The 4 centers of the Hydrocephalus Clinical Research Network participated in a retrospective chart review of infants with PHH who underwent treatment at each institution between 2001 and 2006. Patients were included if they had received a diagnosis of Grade 3 or 4 intraventricular hemorrhage, weighed < 1500 g at birth, and had received surgical intervention. The authors determined the incidence of conversion from a temporizing device to a permanent shunt, the incidence of CSF infection during temporization, and the 6-month CSF infection rate after permanent shunt placement.

Results

Thirty-one (86%) of 36 patients who received VSG shunts and 61 (69%) of 88 patients who received ventricular reservoirs received permanent CSF diversion with a shunt (p = 0.05). Five patients (14%) in the VSG shunt group had CSF infections during temporization, compared with 11 patients (13%) in the ventricular reservoir group (p = 0.83). The 6-month incidence of permanent shunt infection in the VSG shunt group was 16% (5 of 31), compared with 12% (7 of 61) in the reservoir placement group (p = 0.65).

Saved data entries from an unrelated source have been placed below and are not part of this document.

lemma tau_eq_iff_minimizer:
  "tau {lo..hi} r f = t \<longleftrightarrow> (\<forall>s. powr_deviation {lo..hi} r f t \<le> powr_deviation {lo..hi} r f s)"
proof -
  define P where "P t \<longleftrightarrow> (\<forall>s. powr_deviation {lo..hi} r f t \<le> powr_deviation {lo..hi} r f s)" for t
  have ex1: "\<exists>!t. P t"
    unfolding P_def
    by (rule ex_ex1I[OF powr_deviation_has_minimizer powr_deviation_minimizer_unique])
  have "(THE t. P t) = t \<longleftrightarrow> P t"
  proof
    assume "(THE t. P t) = t"
    with theI'[OF ex1] show "P t" by simp
  qed (rule the1_equality[OF ex1])
  then show ?thesis by (simp add: tau_eq_The_minimizer P_def)
qed

lemma has_integral_powr_dist_reflect:
  "((\<lambda>x. \<bar>f x - t\<bar> powr r + \<bar>f (lo + hi - x) - t\<bar> powr r)
    has_integral 2 * powr_deviation {lo..hi} r f t) {lo..hi}"
proof -
  from has_integral_add[OF has_integral_powr_dist[of t]
      has_integral_reflect_Icc[OF has_integral_powr_dist[of t]]]
  show ?thesis by (simp only: mult_2)
qed

lemma powr_deviation_mono_above:
  assumes "\<And>x. x \<in> {lo..hi} \<Longrightarrow> f x + f (lo + hi - x) \<le> 2 * m" and "m \<le> s" "s \<le> t"
  shows "powr_deviation {lo..hi} r f s \<le> powr_deviation {lo..hi} r f t"
proof -
  have "2 * powr_deviation {lo..hi} r f s \<le> 2 * powr_deviation {lo..hi} r f t"
    using has_integral_powr_dist_reflect has_integral_powr_dist_reflect
  proof (rule has_integral_le)
    show "\<bar>f x - s\<bar> powr r + \<bar>f (lo + hi - x) - s\<bar> powr r
        \<le> \<bar>f x - t\<bar> powr r + \<bar>f (lo + hi - x) - t\<bar> powr r" if "x \<in> {lo..hi}" for x
      using assms(1)[OF that] assms(2,3) r_gt_1 by (intro powr_dist_pair_mono_above) auto
  qed
  then show ?thesis by simp
qed

lemma powr_deviation_mono_below:
  assumes "\<And>x. x \<in> {lo..hi} \<Longrightarrow> 2 * m \<le> f x + f (lo + hi - x)" and "s \<le> m" "t \<le> s"
  shows "powr_deviation {lo..hi} r f s \<le> powr_deviation {lo..hi} r f t"
proof -
  have "2 * powr_deviation {lo..hi} r f s \<le> 2 * powr_deviation {lo..hi} r f t"
    using has_integral_powr_dist_reflect has_integral_powr_dist_reflect
  proof (rule has_integral_le)
    show "\<bar>f x - s\<bar> powr r + \<bar>f (lo + hi - x) - s\<bar> powr r
        \<le> \<bar>f x - t\<bar> powr r + \<bar>f (lo + hi - x) - t\<bar> powr r" if "x \<in> {lo..hi}" for x
      using assms(1)[OF that] assms(2,3) r_gt_1 by (intro powr_dist_pair_mono_below) auto
  qed
  then show ?thesis by simp
qed

lemma abs_tau_diff_le:
  assumes sym: "\<And>x. x \<in> {lo..hi} \<Longrightarrow> \<bar>f x + f (lo + hi - x) - 2 * m\<bar> \<le> 2 * M"
  shows "\<bar>tau {lo..hi} r f - m\<bar> \<le> M"
proof -
  let ?\<phi> = "powr_deviation {lo..hi} r f"
  define T where "T = tau {lo..hi} r f"
  have min: "?\<phi> T \<le> ?\<phi> s" for s using tau_eq_iff_minimizer[of T] by (simp add: T_def)
  have is_tau: "t = T" if "?\<phi> t \<le> ?\<phi> T" for t
  proof -
    have "?\<phi> t \<le> ?\<phi> s" for s using order_trans[OF that min] .
    then show ?thesis using tau_eq_iff_minimizer[of t] by (simp add: T_def)
  qed
  have above: "f x + f (lo + hi - x) \<le> 2 * (m + M)" if "x \<in> {lo..hi}" for x
    using sym[OF that] by (simp add: abs_le_iff)
  have below: "2 * (m - M) \<le> f x + f (lo + hi - x)" if "x \<in> {lo..hi}" for x
    using sym[OF that] by (simp add: abs_le_iff)
  have "T \<le> m + M"
  proof (rule ccontr)
    assume "\<not> T \<le> m + M"
    have "?\<phi> (m + M) \<le> ?\<phi> T"
      by (rule powr_deviation_mono_above[OF above]) (use \<open>\<not> T \<le> m + M\<close> in simp_all)
    then show False using is_tau[of "m + M"] \<open>\<not> T \<le> m + M\<close> by simp
  qed
  moreover have "m - M \<le> T"
  proof (rule ccontr)
    assume "\<not> m - M \<le> T"
    have "?\<phi> (m - M) \<le> ?\<phi> T"
      by (rule powr_deviation_mono_below[OF below]) (use \<open>\<not> m - M \<le> T\<close> in simp_all)
    then show False using is_tau[of "m - M"] \<open>\<not> m - M \<le> T\<close> by simp
  qed
  ultimately show ?thesis unfolding T_def by linarith
qed

end

lemma abs_sub_midpoint_le: "x \<in> {lo..hi} \<Longrightarrow> \<bar>x - (lo + hi) / 2\<bar> \<le> (hi - lo) / 2"
  for x lo hi :: real
  unfolding abs_le_iff by (simp add: field_simps)

lemma midpoint_reflection_sum_bound:
  fixes lo hi a b c :: real and f :: "real \<Rightarrow> real"
  assumes "lo < hi"
    and approx: "\<forall>x\<in>{lo..hi}. \<bar>f x - (a * x + b)\<bar> \<le> c * \<bar>x - (lo + hi) / 2\<bar>"
    and x: "x \<in> {lo..hi}"
  shows "\<bar>f x + f (lo + hi - x) - 2 * f ((lo + hi) / 2)\<bar> \<le> c * (hi - lo)"
proof -
  define \<xi> where "\<xi> = (lo + hi) / 2"
  have "\<xi> \<in> {lo..hi}" using \<open>lo < hi\<close> by (simp add: \<xi>_def)
  then have "\<bar>f \<xi> - (a * \<xi> + b)\<bar> \<le> c * \<bar>\<xi> - (lo + hi) / 2\<bar>" using approx by blast
  then have f\<xi>: "f \<xi> = a * \<xi> + b" by (simp add: \<xi>_def)
  have "lo \<in> {lo..hi}" using \<open>lo < hi\<close> by simp
  then have "0 \<le> c * \<bar>lo - \<xi>\<bar>"
    using order_trans[OF abs_ge_zero] approx by (fastforce simp: \<xi>_def)
  moreover have "0 < \<bar>lo - \<xi>\<bar>" using \<open>lo < hi\<close> by (simp add: \<xi>_def)
  ultimately have "0 \<le> c" by (simp add: zero_le_mult_iff)
  have err: "\<bar>f y - (a * y + b)\<bar> \<le> c * (hi - lo) / 2" if "y \<in> {lo..hi}" for y
  proof -
    have "\<bar>y - \<xi>\<bar> \<le> (hi - lo) / 2" using abs_sub_midpoint_le[OF that] by (simp add: \<xi>_def)
    then have "c * \<bar>y - \<xi>\<bar> \<le> c * (hi - lo) / 2"
      using mult_left_mono[of "\<bar>y - \<xi>\<bar>" "(hi - lo) / 2" c] \<open>0 \<le> c\<close> by simp
    then show ?thesis using approx that by (force simp: \<xi>_def)
  qed
  have "2 * f \<xi> = (a * x + b) + (a * (lo + hi - x) + b)"
    unfolding f\<xi> by (simp add: \<xi>_def algebra_simps)
  then have "f x + f (lo + hi - x) - 2 * f \<xi>
      = (f x - (a * x + b)) + (f (lo + hi - x) - (a * (lo + hi - x) + b))"
    by simp
  also have "\<bar>\<dots>\<bar> \<le> c * (hi - lo) / 2 + c * (hi - lo) / 2"
    using x by (intro order_trans[OF abs_triangle_ineq] add_mono err) auto
  finally show ?thesis by (simp add: \<xi>_def)
qed

theorem proposition4:
  fixes lo hi a b c :: real and f :: "real \<Rightarrow> real"
  assumes "lo < hi"
    and "f \<in> borel_measurable (restrict_space lebesgue {lo..hi})"
    and "\<forall>x\<in>{lo..hi}. \<bar>f x - (a * x + b)\<bar> \<le> c * \<bar>x - (lo + hi) / 2\<bar>"
  shows "in_Linf {lo..hi} f \<and>
    (\<forall>r>1. \<bar>tau {lo..hi} r f - f ((lo + hi) / 2)\<bar> \<le> 1/2 * c * measure lebesgue {lo..hi})"
proof -
  define K where "K = \<bar>a\<bar> * (\<bar>lo\<bar> + \<bar>hi\<bar>) + \<bar>b\<bar> + \<bar>c\<bar> * (hi - lo) / 2"
  have bounded: "\<bar>f x\<bar> \<le> K" if x: "x \<in> {lo..hi}" for x
  proof -
    have "\<bar>a * x\<bar> \<le> \<bar>a\<bar> * (\<bar>lo\<bar> + \<bar>hi\<bar>)" using x by (auto simp: abs_mult intro!: mult_left_mono)
    moreover have "c * \<bar>x - (lo + hi) / 2\<bar> \<le> \<bar>c\<bar> * (hi - lo) / 2"
      using mult_mono[OF abs_ge_self[of c] abs_sub_midpoint_le[OF x]] by simp
    moreover have "\<bar>f x - (a * x + b)\<bar> \<le> c * \<bar>x - (lo + hi) / 2\<bar>" using assms(3) x by blast
    ultimately show ?thesis unfolding K_def by linarith
  qed
  then have Linf: "in_Linf {lo..hi} f"
    unfolding in_Linf_def using assms(2) by (auto intro!: exI[of _ K])
  have sym: "\<bar>f x + f (lo + hi - x) - 2 * f ((lo + hi) / 2)\<bar>
      \<le> 2 * (1/2 * c * measure lebesgue {lo..hi})" if "x \<in> {lo..hi}" for x
    using midpoint_reflection_sum_bound[OF assms(1,3) that] measure_lebesgue_Icc[of lo hi] assms(1)
    by simp
  have "\<forall>r>1. \<bar>tau {lo..hi} r f - f ((lo + hi) / 2)\<bar> \<le> 1/2 * c * measure lebesgue {lo..hi}"
    using abs_tau_diff_le[where m = "f ((lo + hi) / 2)" and M = "1/2 * c * measure lebesgue {lo..hi}",
        OF assms(1) _ assms(2) bounded sym] by blast
  with Linf show ?thesis ..
qed

end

For the first 6 months after permanent shunt placement, infants with no preceding temporizing procedure had an infection rate of 5% (1 of 20 infants) and those who had undergone a temporizing procedure had an infection rate of 13% (12 of 92; p = 0.45).

Conclusions

The use of intermittent tapping of ventricular reservoirs in this population appears to lead to a lower incidence of permanent shunt placement than the use of VSG shunts. The incidence of infection during temporization and for the initial 6 months after conversion appears comparable for both groups. The apparent difference identified in this pilot study requires confirmation in a more rigorous study.